The ARCH Coalition, in collaboration with many community partners, is working on a youth substance abuse prevention program for all middle- and high-school students in Hopkins County. Our program is based on an extremely successful international model that was first developed in Iceland in the 1990’s. The Icelandic Model of Prevention (IMP), as it came to be known, reduced youth substance use (alcohol, tobacco, cannabis and illicit drugs) in Iceland SIX FOLD (from 46% of youth reporting substance use within the past 30 days to 7%) over the first 15 years of the project. By any standard, that is remarkable success. The IMP has been adopted in many countries in all parts of the world and is beginning to gain traction in the United States, as well. The program is highly data-driven so that impact can be clearly assessed at all stages of the program. It is based on two very simple and straightforward premises. First, kids will make fewer bad decisions and get in less trouble if they have better things to do and, second, if adults engage more with their kids and other youth in their communities, the results will be positive. There’s actually a lot of science behind the structure of the program, but that is, essentially, the gist of it. Who knew? Well, everybody knows these things, but the problem is that we don’t often act on that knowledge well enough. We’re changing that.

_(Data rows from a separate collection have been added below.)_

theorem mainTheorem3:
  fixes k j :: nat and a b :: real
  assumes "k \<ge> 3" and "2 \<le> j" and "j \<le> k"
    and "0 \<le> a" and "a < b" and "b \<le> 1"
    and "{a<..<b} \<subseteq> {0..<(real k - real j) / real k} \<or> {a<..<b} \<subseteq> {real j / real k..<1}"
  shows "dk k a b \<ge> ln (real j) / ln (real k)"
proof -
  have "j \<noteq> k"
  proof
    assume "j = k"
    then have "{a<..<b} = {}" using assms(1,7) by auto
    then show False using assms(5) by simp
  qed
  then have "j < k" using assms(3) by simp
  obtain c where c: "c + j \<le> k"
    and avoid: "{a<..<b} \<inter> {real c / (real k - 1) ..< (real c + real j - 1) / (real k - 1)} = {}"
    using window_avoiding_hole[OF assms(2,3,7)] .
  show ?thesis
    unfolding dk_def
  proof (rule hausdorff_dim_ge_holder)
    show "survivor k a b \<subseteq> {0..<1}" by (auto simp: survivor_def)
    show "coded_point k c ` admissible_words j \<subseteq> survivor k a b"
      using coded_point_in_survivor[OF c assms(2) _ avoid] by blast
    show "{0..<1} \<subseteq> word_value j ` admissible_words j"
      using unit_interval_subset_word_value_image assms(2) .
    show "\<bar>word_value j w - word_value j w'\<bar>
        \<le> real j * (real k - 1) / (real k - real j) * \<bar>coded_point k c w - coded_point k c w'\<bar> powr (ln (real j) / ln (real k))"
      if "w \<in> admissible_words j" "w' \<in> admissible_words j" for w w'
      using word_value_holder[OF \<open>j < k\<close> assms(2) that] .
  qed (use \<open>j < k\<close> assms(2) in auto)
qed

end
(* Let $V$ be a real vector space with basis $e^1,\dots,e^k$ and a nondegenerate symmetric bilinear form $q_1$ with Gram matrix $G=(G^{ab})$, $G^{ab}=q_1(e^a,e^b)$. For real $k\times k$ matrices $X,Y$ put $[X,Y]_G:=XGY-YGX$ and $\{X,Y\}_G:=XGY+YGX$. Let $X:\lambda\to\mathbb{R}^{k\times k}$ be a map taking values in symmetric matrices such that for all $\alpha,\beta\in\lambda$: $[X(\alpha),X(\beta)]_G=0$ if $(\alpha|\beta)=0$, and $\{X(\alpha),X(\beta)\}_G=\frac12 X(\alpha\pm\beta)$ if $(\alpha|\beta)=\mp1$ and $\alpha\pm\beta\in\lambda$. Let $\mathcal{S}$ be the Clifford algebra of $V\otimes S$ defined below, with elements $\phi^a_\gamma=e^a\otimes f_\gamma$, and put $$\widehat{J}(\alpha_i):=\sum_{a,b=1}^k\sum_{\gamma,\delta=1}^l X(\alpha_i)_{ab}\,\Gamma(\alpha_i)_{\gamma\delta}\,\phi^a_\gamma\phi^b_\delta\in\mathcal S.$$ Then the assignment $X_i\mapsto\widehat J(\alpha_i)$ extends to a Lie algebra homomorphism from $\mathfrak k$ into $\mathcal S$ (with bracket the commutator $uv-vu$), and hence defines a finite-dimensional representation $\sigma$ of $\mathfrak k$ with $\sigma(X_i)=\widehat J(\alpha_i)$.
   Context: Let $A=(a_{ij})_{1\le i,j\le n}$ be a symmetrizable simply laced generalized Cartan matrix (off-diagonal entries $0$ or $-1$); the Dynkin diagram has an edge between $i\ne j$ iff $a_{ij}=-1$. Let $\mathfrak g$ be the split real Kac–Moody algebra of $A$ with Chevalley generators $e_i,f_i$, Cartan subalgebra $\mathfrak h$ (from a real realization), simple roots $\alpha_1,\dots,\alpha_n\in\mathfrak h^*$, and let $(\cdot|\cdot)$ be the nondegenerate invariant symmetric bilinear form induced on $\mathfrak h^*$, with $(\alpha_i|\alpha_j)=a_{ij}$. Let $\mathfrak k$ be the fixed-point subalgebra of the Chevalley involution ($e_i\mapsto -f_i$, $f_i\mapsto-e_i$, $h\mapsto -h$), with Berman generators $X_i=e_i-f_i$; $\mathfrak k$ is presented by generators $X_1,\dots,X_n$ and relations $[X_i,[X_i,X_j]]=-X_j$ if $a_{ij}=-1$, $[X_i,X_j]=0$ if $a_{ij}=0$. Let $\lambda$ be the set of real roots consisting of the simple roots $\alpha_1,\dots,\alpha_n$ together with all $\alpha_i+\alpha_j$ for $i,j$ forming an edge of the Dynkin diagram. A generalized spin representation is a representation $\rho$ of $\mathfrak k$ with $\rho(X_i)^2=-\frac14\mathrm{id}$ for all $i$. Fix a finite-dimensional real vector space $S$ with positive definite inner product $q_2$ and orthonormal basis $f_1,\dots,f_l$, and a generalized spin representation $\rho:\mathfrak k\to\mathrm{End}(S)$ whose values $\rho(X_i)$ are anti-symmetric real matrices with respect to this basis (such exist, e.g. by realifying the generalized spin representations with compact image constructed by Hainke–Köhl–Levy); put $\Gamma(\alpha_i):=2\rho(X_i)$, an anti-symmetric real $l\times l$ matrix with entries $\Gamma(\alpha_i)_{\gamma\delta}$. Let $q=q_1\otimes q_2$ be the symmetric bilinear form on $V\otimes S$ with $q(e^a\otimes f_\gamma,e^b\otimes f_\delta)=G^{ab}\delta_{\gamma\delta}$, and let $\mathcal S$ be the Clifford algebra: the tensor algebra of $V\otimes S$ modulo the ideal generated by $w\otimes w-\frac12 q(w,w)\cdot 1$, so that $vw+wv=q(v,w)$ in $\mathcal S$. *)

theory Defs
  imports "HOL-Analysis.Analysis"
begin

We are working with schools, our local YMCA, our County Extension Office, 4-H, churches, our county sports complex, Junior Achievement, our local community college, local business and economic development organizations, our county Agency for Substance Abuse Policy (ASAP), outdoor education programs, mentoring programs, healthcare providers, our Career and Technology Center, the West Area Health Education Center (AHEC), substance use treatment providers, and others of our nonprofit community partners to adapt and implement the IMP program here. The key to the program is to have structured, supervised activities available for kids when school is not in session, both after school and when school is not in session. We are going to start out our program with activities in five areas: athletics, arts, career/mentoring/life skills, gaming and digital arts, and outdoors and agriculture. This is a permanent project, not a two- or three-year thing, so we will adjust our activities as things progress, based on interests and impacts. We will also be working with the schools and other organizations to help parents and adults engage more effectively with our kids.

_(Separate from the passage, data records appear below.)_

theorem lemma2:
  fixes p q :: int and f :: "real \<Rightarrow> real"
    and epsb eta :: real
    and Delta Y :: "real \<Rightarrow> real \<Rightarrow> real"
    and Dn :: "nat \<Rightarrow> real \<Rightarrow> real"
    and r :: nat
  assumes q_pos: "q \<ge> 1"
    and f_per: "\<And>x. f (x + 2 * pi) = f x"
    and f_an: "real_analytic_on f UNIV"
    and epsb_pos: "epsb > 0" and eta_pos: "eta > 0"
    and Delta_an: "real_analytic2_on Delta (UNIV \<times> {e. \<bar>e\<bar> < epsb})"
    and Y_an: "real_analytic2_on Y (UNIV \<times> {e. \<bar>e\<bar> < epsb})"
    and Delta_0: "\<And>x. Delta x 0 = 0"
    and Y_0: "\<And>x. Y x 0 = 0"
    and sol: "\<And>x e. \<bar>e\<bar> < epsb \<Longrightarrow>
       \<bar>Delta x e\<bar> < eta \<and> \<bar>Y x e\<bar> < eta \<and>
       iterR p q f (nat q) x (Y x e) e (Delta x e) = 0 \<and>
       iterS p q f (nat q) x (Y x e) e (Delta x e) = 0"
    and uniq: "\<And>x e d y. \<bar>e\<bar> < epsb \<Longrightarrow> \<bar>d\<bar> < eta \<Longrightarrow> \<bar>y\<bar> < eta \<Longrightarrow>
       iterR p q f (nat q) x y e d = 0 \<Longrightarrow> iterS p q f (nat q) x y e d = 0 \<Longrightarrow>
       d = Delta x e \<and> y = Y x e"
    and Dn_series: "\<And>x e. \<bar>e\<bar> < epsb \<Longrightarrow>
       (\<lambda>n. Dn (Suc n) x * e ^ Suc n) sums Delta x e"
    and nonindep: "\<exists>x1 x2 e. \<bar>e\<bar> < epsb \<and> Delta x1 e \<noteq> Delta x2 e"
    and r_pos: "r \<ge> 1"
    and r_nonconst: "\<exists>a b. Dn r a \<noteq> Dn r b"
    and below_r_const: "\<And>n a b. 1 \<le> n \<Longrightarrow> n < r \<Longrightarrow> Dn n a = Dn n b"
  shows "\<forall>x. Dn r (x + mu p q) = Dn r x"
proof
  fix x
  define h where "h e = Y x e - Delta x e - e * f x" for e
  define d where "d n x' = (if n = 0 then 0 else Dn n x')" for n x'
  have Delta_sums: "(\<lambda>n. d n x' * e^n) sums Delta x' e" if "\<bar>e\<bar> < epsb" for x' e
    unfolding d_def by (rule powser_sums_from_Suc[OF Dn_series[OF that]])
  have h_tendsto: "(h \<longlongrightarrow> 0) (at 0)"
    using real_analytic2_on_strip_tendsto[OF Y_an epsb_pos, of x]
      real_analytic2_on_strip_tendsto[OF Delta_an epsb_pos, of x]
    unfolding h_def[abs_def] by (auto intro!: tendsto_eq_intros simp: Y_0 Delta_0)
  have "\<forall>\<^sub>F e in at 0. \<bar>h e\<bar> < eta"
    using tendstoD[OF h_tendsto eta_pos] by (simp add: dist_real_def)
  moreover have "\<forall>\<^sub>F e in at (0::real). \<bar>e\<bar> < epsb"
    using epsb_pos by (auto simp: eventually_at dist_real_def intro!: exI[of _ epsb])
  ultimately have "\<forall>\<^sub>F e in at 0. Delta x e = Delta (x + mu p q + h e) e"
  proof eventually_elim
    case (elim e)
    note sol_x = sol[OF elim(2), of x]
    have "iterR p q f (nat q) (x + mu p q + h e) (h e) e (Delta x e) = 0 \<and>
        iterS p q f (nat q) (x + mu p q + h e) (h e) e (Delta x e) = 0"
      unfolding h_def using sol_x
        iter_zero_Tmap_image[where f=f and p=p and x=x and y="Y x e" and e=e and d="Delta x e",
          OF q_pos f_per]
      by simp
    then show ?case using uniq[OF elim(2) conjunct1[OF sol_x] elim(1)] by simp
  qed
  moreover have "d n y = d n y'" if "n < r" for n y y'
    using below_r_const[of n y y'] that by (simp add: d_def)
  ultimately have "d r x = d r (x + mu p q)"
    using real_analytic2_on_strip_coeff_eq[OF Delta_an epsb_pos Delta_sums _ h_tendsto] by blast
  then show "Dn r (x + mu p q) = Dn r x" using r_pos by (simp add: d_def)
qed
(* Let $P$ be a poset and let $C_2$ denote the 2-chain. If two elements of $P$ are $(C_2, 2, k)$-symmetric, then $k \in \{0, 1\}$.
   Context: The 2-chain $C_2$ is the poset $\{x<y\}$. For a poset $X$, $\ell(X)$ is the cardinality of a longest chain in $X$. A subset $A$ of a poset $X$ is maximally ordered in $X$ if $|\{(a,b)\in A\times A : a<b\}|$ is maximal among all subsets of $X$ of cardinality $|A|$. For $\sigma\in\mathrm{Aut}(P)$ let $\Sigma(\sigma)=\{a\in P:\sigma(a)\ne a\}$. For a finite poset $Q$ and integer $r\ge2$: $\sigma\in\mathrm{Aut}(P)$ is a $(Q,r)$-generator if there exist subsets $S_0,\dots,S_{r-1}\subset\Sigma(\sigma)$, each isomorphic to $Q$, which are smallest maximally ordered subsets of $\Sigma(\sigma)$ with $\sigma(S_i)=S_{(i+1)\bmod r}$, $\ell(S_i)=\ell(\Sigma(\sigma))$ for all $i$, and $\bigcup_i S_i=\Sigma(\sigma)$; any two distinct $S_i,S_j$ are $(Q,r)$-symmetric subsets. Elements $a,b\in P$ are $(Q,r,0)$-symmetric if $a=b$; $(Q,r,1)$-symmetric if there are $(Q,r)$-symmetric subsets $A,B$ with $(Q,r)$-generator $\sigma$ such that $a\in A$ and $b=\sigma^q(a)\in B$ for some $1\le q<r$; for $n\ge2$, $(Q,r,n)$-symmetric if they are not $(Q,r,j)$-symmetric for any $j<n$ but there exist $c\in P$ and $j<n$ with $a$ $(Q,r,j)$-symmetric to $c$ and $c$ $(Q,r,n-j)$-symmetric to $b$. *)

theory Defs
  imports Main
begin

definition poset :: "'a set \<Rightarrow> ('a \<Rightarrow> 'a \<Rightarrow> bool) \<Rightarrow> bool" where
  "poset P le \<longleftrightarrow>
     (\<forall>a\<in>P. le a a) \<and>
     (\<forall>a\<in>P. \<forall>b\<in>P. le a b \<and> le b a \<longrightarrow> a = b) \<and>
     (\<forall>a\<in>P. \<forall>b\<in>P. \<forall>c\<in>P. le a b \<and> le b c \<longrightarrow> le a c)"

definition strict :: "('a \<Rightarrow> 'a \<Rightarrow> bool) \<Rightarrow> 'a \<Rightarrow> 'a \<Rightarrow> bool" where
  "strict le a b \<longleftrightarrow> le a b \<and> a \<noteq> b"

definition is_aut :: "'a set \<Rightarrow> ('a \<Rightarrow> 'a \<Rightarrow> bool) \<Rightarrow> ('a \<Rightarrow> 'a) \<Rightarrow> bool" where
  "is_aut P le \<sigma> \<longleftrightarrow> bij_betw \<sigma> P P \<and> (\<forall>a\<in>P. \<forall>b\<in>P. le a b \<longleftrightarrow> le (\<sigma> a) (\<sigma> b))"

definition supp :: "'a set \<Rightarrow> ('a \<Rightarrow> 'a) \<Rightarrow> 'a set" where
  "supp P \<sigma> = {a \<in> P. \<sigma> a \<noteq> a}"

definition is_chain :: "('a \<Rightarrow> 'a \<Rightarrow> bool) \<Rightarrow> 'a set \<Rightarrow> bool" where
  "is_chain le C \<longleftrightarrow> (\<forall>a\<in>C. \<forall>b\<in>C. le a b \<or> le b a)"

definition chain_len :: "('a \<Rightarrow> 'a \<Rightarrow> bool) \<Rightarrow> 'a set \<Rightarrow> nat" where
  "chain_len le X = Max {card C | C. C \<subseteq> X \<and> is_chain le C}"

definition n_ordered :: "('a \<Rightarrow> 'a \<Rightarrow> bool) \<Rightarrow> 'a set \<Rightarrow> nat" where
  "n_ordered le A = card {(a, b). a \<in> A \<and> b \<in> A \<and> strict le a b}"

One of the great things about this program is that, even if it fails completely to prevent substance use among our youth (which, based on the past record of success of the program, won’t happen), just expanding the activities available to our kids will be a HUGE win, filling a need that has been noted on every community needs assessment we’ve had in the past 50 years.

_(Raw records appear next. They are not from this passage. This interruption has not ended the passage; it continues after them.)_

(* Let $\gamma: I \to M$ be a unit speed curve on a smooth oriented surface $M\subset E^3$ with Darboux frame $\{T,V,U\}$, nowhere-vanishing normal curvature $k_n$, geodesic curvature $k_g$ and geodesic torsion $\tau_g$, and suppose the position vector of $\gamma$ always lies in the plane spanned by $\{T, V\}$, i.e. $\gamma(s) = \mu_1(s)T(s) + \mu_2(s)V(s)$ for differentiable functions $\mu_1,\mu_2$. Then $\gamma$ is an isophotic curve if and only if the function $$s\mapsto \frac{k_n^2}{(k_n^2+\tau_g^2)^{3/2}}\, e^{-\int \frac{\tau_g k_g}{k_n}\, ds}$$ is constant.
   Context: For a unit speed curve $\gamma$ on an oriented surface $M\subset E^3$, the Darboux frame is $T=\gamma'$, $U$ = unit normal of $M$ along $\gamma$, $V = U\times T$, satisfying $T' = k_g V + k_n U$, $V' = -k_g T + \tau_g U$, $U' = -k_n T - \tau_g V$; here $k_g$, $k_n$, $\tau_g$ are the geodesic curvature, normal curvature and geodesic torsion. The curve $\gamma$ is an isophotic curve if there is a fixed unit vector $d$ and a constant angle $\phi$ with $\langle U, d\rangle = \cos\phi$ along $\gamma$. $\int\cdot\,ds$ denotes an antiderivative. *)

theory Defs
  imports "HOL-Analysis.Analysis" "HOL-Analysis.Cross3"
begin

definition isophotic :: "real set \<Rightarrow> (real \<Rightarrow> real^3) \<Rightarrow> bool" where
  "isophotic I U \<longleftrightarrow> (\<exists>(d::real^3) (\<phi>::real). norm d = 1 \<and> (\<forall>s\<in>I. U s \<bullet> d = cos \<phi>))"

end

theory Submission
  imports Defs
begin

text \<open>Differentiating \<open>\<langle>\<gamma>, U\<rangle> = 0\<close> gives \<open>kn \<mu>1 + \<tau>g \<mu>2 = 0\<close>; together with
  \<open>\<mu>2' = - kg \<mu>1\<close> this makes \<open>\<mu>2 exp (- F)\<close> a nonzero constant \<open>K\<close>. So the function in the
  theorem is \<open>K / w\<close> with \<open>w = \<mu>2 (kn\<^sup>2 + \<tau>g\<^sup>2) powr (3/2) / kn\<^sup>2\<close>, and it is constant iff \<open>w\<close> is.
  If \<open>\<langle>U, d\<rangle> = cos \<phi>\<close>, differentiating \<open>\<langle>U, d\<rangle>\<close> and \<open>\<langle>d, T\<rangle> \<mu>2 - \<langle>d, V\<rangle> \<mu>1\<close> determines
  the tangential components of \<open>d\<close>, and \<open>|d| = 1\<close> becomes \<open>cos\<^sup>2 \<phi> (1 + w\<^sup>2) = 1\<close>.
  Conversely, for constant \<open>w\<close> the vector \<open>d = (\<alpha> / |\<gamma>|) \<gamma> + cos \<phi> U\<close> with \<open>tan \<phi> = |w|\<close> and
  \<open>\<alpha> = \<plusminus>sin \<phi>\<close> is constant; the sign of \<open>\<alpha>\<close> is that of \<open>kn\<close>, which cannot change on the
  interval.\<close>

lemma has_real_derivative_inner:
  fixes f g :: "real \<Rightarrow> 'a::real_inner"
  assumes "(f has_vector_derivative f') (at s)" "(g has_vector_derivative g') (at s)"
  shows "((\<lambda>t. f t \<bullet> g t) has_real_derivative (f s \<bullet> g' + f' \<bullet> g s)) (at s)"
proof -
  have "((\<lambda>t. f t \<bullet> g t) has_derivative (\<lambda>h. f s \<bullet> (h *\<^sub>R g') + (h *\<^sub>R f') \<bullet> g s)) (at s)"
    using has_derivative_inner[OF assms[unfolded has_vector_derivative_def]] .
  then show ?thesis unfolding has_field_derivative_def
    by (rule has_derivative_eq_rhs) (auto simp: algebra_simps)
qed

lemma has_real_derivative_const_on_open_eq_0:
  assumes "(f has_real_derivative D) (at s)" "open S" "s \<in> S" "\<And>t. t \<in> S \<Longrightarrow> f t = c"
  shows "D = 0"
proof -
  have "((\<lambda>t. c) has_real_derivative D) (at s)"
    by (rule has_field_derivative_transform_within_open[OF assms(1-3)]) (simp add: assms(4))
  then show ?thesis using DERIV_const DERIV_unique by blast
qed

lemma sgn_eq_if_continuous_on_interval_nonzero:
  fixes f :: "real \<Rightarrow> real"
  assumes "is_interval I" "continuous_on I f" "\<And>x. x \<in> I \<Longrightarrow> f x \<noteq> 0" "s \<in> I" "t \<in> I"
  shows "sgn (f s) = sgn (f t)"
proof (rule ccontr)
  assume "sgn (f s) \<noteq> sgn (f t)"
  then have "min (f s) (f t) \<le> 0" "0 \<le> max (f s) (f t)"
    using assms(3-5) by (auto simp: sgn_if split: if_splits)
  moreover have "is_interval (f ` I)"
    using assms(1,2) connected_continuous_image is_interval_connected is_interval_connected_1 by blast
  moreover have "min (f s) (f t) \<in> f ` I" "max (f s) (f t) \<in> f ` I"
    using assms(4,5) by (simp_all add: min_def max_def)
  ultimately have "0 \<in> f ` I" by (metis mem_is_interval_1_I)
  then show False using assms(3) by auto
qed

lemma eq_if_power2_eq_sgn_eq:
  fixes x y :: real
  assumes "x\<^sup>2 = y\<^sup>2" "sgn x = sgn y"
  shows "x = y"
  using assms by (auto simp: power2_eq_iff sgn_if split: if_splits)

lemma powr_three_halves:
  fixes x :: real
  assumes "0 \<le> x"
  shows "x powr (3/2) = x * sqrt x"
  using powr_mult_base[OF assms, of "1/2"] assms by (simp add: powr_half_sqrt)

lemma norm_cross3_orthonormal:
  fixes T U :: "real^3"
  assumes "norm T = 1" "norm U = 1" "U \<bullet> T = 0"
  shows "norm (cross3 U T) = 1"
  using norm_cross_dot[of U T] assms norm_ge_zero[of "cross3 U T"] by (simp add: power2_eq_1_iff)

lemma inner_cross3_orthonormal_sum_squares:
  fixes d T U :: "real^3"
  assumes "norm T = 1" "norm U = 1" "U \<bullet> T = 0"
  shows "(d \<bullet> T)\<^sup>2 + (d \<bullet> cross3 U T)\<^sup>2 + (d \<bullet> U)\<^sup>2 = d \<bullet> d"
proof -
  have TT: "T \<bullet> T = 1" and UU: "U \<bullet> U = 1" using assms by (simp_all add: norm_eq_1)
  have "(norm (cross3 d (cross3 U T)))\<^sup>2 + (d \<bullet> cross3 U T)\<^sup>2 = (norm d)\<^sup>2"
    using norm_cross_dot[of d "cross3 U T"] norm_cross3_orthonormal[OF assms] by simp
  moreover have "(norm (cross3 d (cross3 U T)))\<^sup>2 = (d \<bullet> T)\<^sup>2 + (d \<bullet> U)\<^sup>2"
    unfolding Lagrange power2_norm_eq_inner using assms(3) TT UU
    by (simp add: inner_diff_left inner_diff_right inner_commute power2_eq_square)
  ultimately show ?thesis by (simp add: power2_norm_eq_inner)
qed

locale darboux_frame =
  fixes I :: "real set"
    and T V U :: "real \<Rightarrow> real^3"
    and kg kn \<tau>g :: "real \<Rightarrow> real"
  assumes open_I: "open I"
    and norm_T: "\<And>s. s \<in> I \<Longrightarrow> norm (T s) = 1"
    and norm_U: "\<And>s. s \<in> I \<Longrightarrow> norm (U s) = 1"
    and U_orth_T: "\<And>s. s \<in> I \<Longrightarrow> U s \<bullet> T s = 0"
    and V_eq: "\<And>s. s \<in> I \<Longrightarrow> V s = cross3 (U s) (T s)"
    and T_deriv: "\<And>s. s \<in> I \<Longrightarrow> (T has_vector_derivative (kg s *\<^sub>R V s + kn s *\<^sub>R U s)) (at s)"
    and V_deriv: "\<And>s. s \<in> I \<Longrightarrow> (V has_vector_derivative (- kg s *\<^sub>R T s + \<tau>g s *\<^sub>R U s)) (at s)"
    and U_deriv: "\<And>s. s \<in> I \<Longrightarrow> (U has_vector_derivative (- kn s *\<^sub>R T s - \<tau>g s *\<^sub>R V s)) (at s)"
begin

We’re currently building up our coalition of partners and laying out the plans for our activities. We are also already working on some of the logistical challenges that we know, again, based on the experience of other IMP programs, we will encounter, mainly transportation (bringing the activities and the kids together) and the costs associated with some activities. Of course, this program, like everything else, is subject to funding limitations, but we are, and have been, working on that challenge for quite some time. We will not allow either of those factors to prevent any of our youth from taking advantage of this program. We plan to kick off the program in September of this year, as the new school year begins.